- **TASK GOAL**:
Restate word for word the lines of the entries below, starting with the line that holds "theory Submission" and ending with the line that holds "(through their least", and no others.

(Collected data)
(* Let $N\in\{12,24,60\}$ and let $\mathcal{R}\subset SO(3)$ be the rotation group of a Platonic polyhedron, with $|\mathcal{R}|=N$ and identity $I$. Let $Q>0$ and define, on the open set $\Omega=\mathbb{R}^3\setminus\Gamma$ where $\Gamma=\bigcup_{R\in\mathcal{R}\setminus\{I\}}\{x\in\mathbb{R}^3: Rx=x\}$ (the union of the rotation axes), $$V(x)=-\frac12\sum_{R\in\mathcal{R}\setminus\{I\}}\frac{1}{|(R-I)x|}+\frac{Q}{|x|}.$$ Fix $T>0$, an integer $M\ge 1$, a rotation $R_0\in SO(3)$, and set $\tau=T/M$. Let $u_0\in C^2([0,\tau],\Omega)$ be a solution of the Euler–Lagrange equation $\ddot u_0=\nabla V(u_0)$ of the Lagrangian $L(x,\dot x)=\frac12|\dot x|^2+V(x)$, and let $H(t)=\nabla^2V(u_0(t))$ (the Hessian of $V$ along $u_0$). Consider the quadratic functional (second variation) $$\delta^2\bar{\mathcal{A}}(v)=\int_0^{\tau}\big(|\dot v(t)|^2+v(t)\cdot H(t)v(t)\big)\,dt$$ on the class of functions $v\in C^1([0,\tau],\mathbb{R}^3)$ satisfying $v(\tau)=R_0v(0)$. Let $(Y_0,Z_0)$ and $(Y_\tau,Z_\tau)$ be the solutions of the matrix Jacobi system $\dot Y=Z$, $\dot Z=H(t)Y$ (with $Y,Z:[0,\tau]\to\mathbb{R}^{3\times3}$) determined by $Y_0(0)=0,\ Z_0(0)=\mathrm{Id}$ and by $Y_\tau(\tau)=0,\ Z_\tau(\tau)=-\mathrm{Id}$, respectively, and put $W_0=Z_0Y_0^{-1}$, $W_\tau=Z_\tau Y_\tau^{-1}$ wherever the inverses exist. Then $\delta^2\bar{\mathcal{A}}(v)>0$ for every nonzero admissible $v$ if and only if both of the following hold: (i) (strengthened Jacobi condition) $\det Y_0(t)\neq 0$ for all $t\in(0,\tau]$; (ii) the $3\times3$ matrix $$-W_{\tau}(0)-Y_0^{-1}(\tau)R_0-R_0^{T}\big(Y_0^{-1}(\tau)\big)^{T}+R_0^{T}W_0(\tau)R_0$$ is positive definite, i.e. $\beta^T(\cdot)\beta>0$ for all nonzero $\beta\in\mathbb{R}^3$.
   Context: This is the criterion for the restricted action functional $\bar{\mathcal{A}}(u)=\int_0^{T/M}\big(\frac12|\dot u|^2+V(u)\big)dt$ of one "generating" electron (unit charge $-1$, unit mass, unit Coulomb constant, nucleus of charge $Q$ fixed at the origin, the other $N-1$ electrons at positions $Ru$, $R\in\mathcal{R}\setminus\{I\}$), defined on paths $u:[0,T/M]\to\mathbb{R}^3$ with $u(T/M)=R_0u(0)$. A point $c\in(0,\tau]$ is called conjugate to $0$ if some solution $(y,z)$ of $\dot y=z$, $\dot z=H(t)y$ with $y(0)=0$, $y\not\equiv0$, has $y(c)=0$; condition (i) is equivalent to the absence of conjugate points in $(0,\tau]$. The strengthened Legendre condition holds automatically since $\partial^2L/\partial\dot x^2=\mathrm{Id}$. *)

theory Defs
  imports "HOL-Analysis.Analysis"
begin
--
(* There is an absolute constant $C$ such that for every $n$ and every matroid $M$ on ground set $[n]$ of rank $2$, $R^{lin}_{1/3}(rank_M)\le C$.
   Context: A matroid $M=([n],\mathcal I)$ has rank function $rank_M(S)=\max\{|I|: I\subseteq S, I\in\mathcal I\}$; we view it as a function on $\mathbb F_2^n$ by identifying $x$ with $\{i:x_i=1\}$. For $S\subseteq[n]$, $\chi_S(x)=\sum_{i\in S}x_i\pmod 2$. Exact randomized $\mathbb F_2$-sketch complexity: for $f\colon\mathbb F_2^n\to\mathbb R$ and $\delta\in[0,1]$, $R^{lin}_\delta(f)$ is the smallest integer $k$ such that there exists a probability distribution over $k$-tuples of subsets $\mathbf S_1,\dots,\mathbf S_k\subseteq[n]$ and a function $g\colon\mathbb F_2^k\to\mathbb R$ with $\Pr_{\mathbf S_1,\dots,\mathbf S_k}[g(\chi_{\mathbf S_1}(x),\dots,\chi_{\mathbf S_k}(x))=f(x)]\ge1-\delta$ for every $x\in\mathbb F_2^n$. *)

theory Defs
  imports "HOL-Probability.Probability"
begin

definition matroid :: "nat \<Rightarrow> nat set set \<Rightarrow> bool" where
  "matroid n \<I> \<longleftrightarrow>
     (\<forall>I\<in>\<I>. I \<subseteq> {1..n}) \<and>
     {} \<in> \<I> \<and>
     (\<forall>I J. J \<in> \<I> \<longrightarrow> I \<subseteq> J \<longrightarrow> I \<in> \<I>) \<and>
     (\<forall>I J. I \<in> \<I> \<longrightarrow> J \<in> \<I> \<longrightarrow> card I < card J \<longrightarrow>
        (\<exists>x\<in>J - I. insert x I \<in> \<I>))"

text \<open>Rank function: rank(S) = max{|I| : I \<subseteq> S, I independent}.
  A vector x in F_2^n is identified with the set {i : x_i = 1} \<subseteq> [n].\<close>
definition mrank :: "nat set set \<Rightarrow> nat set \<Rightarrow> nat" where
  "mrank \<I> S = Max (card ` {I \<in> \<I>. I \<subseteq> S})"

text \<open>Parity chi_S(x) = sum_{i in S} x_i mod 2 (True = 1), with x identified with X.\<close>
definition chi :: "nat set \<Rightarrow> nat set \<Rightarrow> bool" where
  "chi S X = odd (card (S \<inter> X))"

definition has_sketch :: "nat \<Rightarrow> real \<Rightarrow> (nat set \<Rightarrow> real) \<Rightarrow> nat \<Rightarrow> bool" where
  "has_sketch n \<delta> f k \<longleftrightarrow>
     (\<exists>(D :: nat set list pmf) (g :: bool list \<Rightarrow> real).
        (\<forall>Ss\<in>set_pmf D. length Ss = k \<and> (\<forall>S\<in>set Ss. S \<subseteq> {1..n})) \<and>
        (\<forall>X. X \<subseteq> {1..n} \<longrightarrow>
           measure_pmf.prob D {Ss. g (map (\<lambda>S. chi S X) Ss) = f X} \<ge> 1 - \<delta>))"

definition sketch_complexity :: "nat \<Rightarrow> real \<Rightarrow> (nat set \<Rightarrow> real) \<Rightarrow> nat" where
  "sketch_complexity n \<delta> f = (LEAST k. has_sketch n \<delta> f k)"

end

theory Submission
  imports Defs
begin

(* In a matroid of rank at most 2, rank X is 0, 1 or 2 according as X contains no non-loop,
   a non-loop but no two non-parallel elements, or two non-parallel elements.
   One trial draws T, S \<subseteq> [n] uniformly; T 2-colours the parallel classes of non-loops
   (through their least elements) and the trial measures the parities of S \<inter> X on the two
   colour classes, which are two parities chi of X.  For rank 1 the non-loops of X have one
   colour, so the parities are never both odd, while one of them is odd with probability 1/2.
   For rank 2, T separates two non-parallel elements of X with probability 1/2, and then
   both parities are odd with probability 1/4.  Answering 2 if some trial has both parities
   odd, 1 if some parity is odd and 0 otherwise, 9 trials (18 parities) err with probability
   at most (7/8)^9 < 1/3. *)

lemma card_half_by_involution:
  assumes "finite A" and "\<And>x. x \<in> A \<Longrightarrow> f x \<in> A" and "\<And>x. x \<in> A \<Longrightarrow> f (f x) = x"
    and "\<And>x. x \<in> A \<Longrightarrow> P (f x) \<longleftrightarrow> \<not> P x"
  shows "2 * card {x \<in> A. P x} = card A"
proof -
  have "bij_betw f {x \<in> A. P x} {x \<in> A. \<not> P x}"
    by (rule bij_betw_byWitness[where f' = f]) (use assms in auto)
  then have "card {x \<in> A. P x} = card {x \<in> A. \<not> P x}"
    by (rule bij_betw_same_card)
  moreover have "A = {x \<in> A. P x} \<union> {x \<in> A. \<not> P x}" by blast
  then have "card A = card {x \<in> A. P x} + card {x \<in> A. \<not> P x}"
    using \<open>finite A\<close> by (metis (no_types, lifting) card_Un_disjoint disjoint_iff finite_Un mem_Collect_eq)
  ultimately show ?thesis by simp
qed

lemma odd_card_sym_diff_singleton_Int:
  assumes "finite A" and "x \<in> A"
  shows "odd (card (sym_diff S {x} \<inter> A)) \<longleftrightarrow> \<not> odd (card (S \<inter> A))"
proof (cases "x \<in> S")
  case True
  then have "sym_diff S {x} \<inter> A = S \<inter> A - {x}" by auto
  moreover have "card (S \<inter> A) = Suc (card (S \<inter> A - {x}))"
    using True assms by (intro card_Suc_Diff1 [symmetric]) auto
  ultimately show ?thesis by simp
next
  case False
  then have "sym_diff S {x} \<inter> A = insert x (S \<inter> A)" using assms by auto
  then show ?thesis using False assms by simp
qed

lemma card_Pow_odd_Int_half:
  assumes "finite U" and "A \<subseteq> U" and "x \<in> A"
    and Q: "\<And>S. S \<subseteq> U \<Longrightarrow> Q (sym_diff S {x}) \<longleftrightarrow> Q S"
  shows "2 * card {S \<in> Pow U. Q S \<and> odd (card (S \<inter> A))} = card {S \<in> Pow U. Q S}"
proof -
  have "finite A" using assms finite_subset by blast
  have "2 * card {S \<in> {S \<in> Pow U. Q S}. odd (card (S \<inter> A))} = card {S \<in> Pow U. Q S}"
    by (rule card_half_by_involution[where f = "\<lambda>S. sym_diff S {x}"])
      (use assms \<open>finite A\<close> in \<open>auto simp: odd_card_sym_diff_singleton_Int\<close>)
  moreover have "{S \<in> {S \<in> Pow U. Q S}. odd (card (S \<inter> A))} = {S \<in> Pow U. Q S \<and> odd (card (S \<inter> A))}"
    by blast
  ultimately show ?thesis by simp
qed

- **REPLY TO THE TASK**:
theory Submission
  imports Defs
begin

(* In a matroid of rank at most 2, rank X is 0, 1 or 2 according as X contains no non-loop,
   a non-loop but no two non-parallel elements, or two non-parallel elements.
   One trial draws T, S \<subseteq> [n] uniformly; T 2-colours the parallel classes of non-loops
   (through their least elements) and the trial measures the parities of S \<inter> X on the two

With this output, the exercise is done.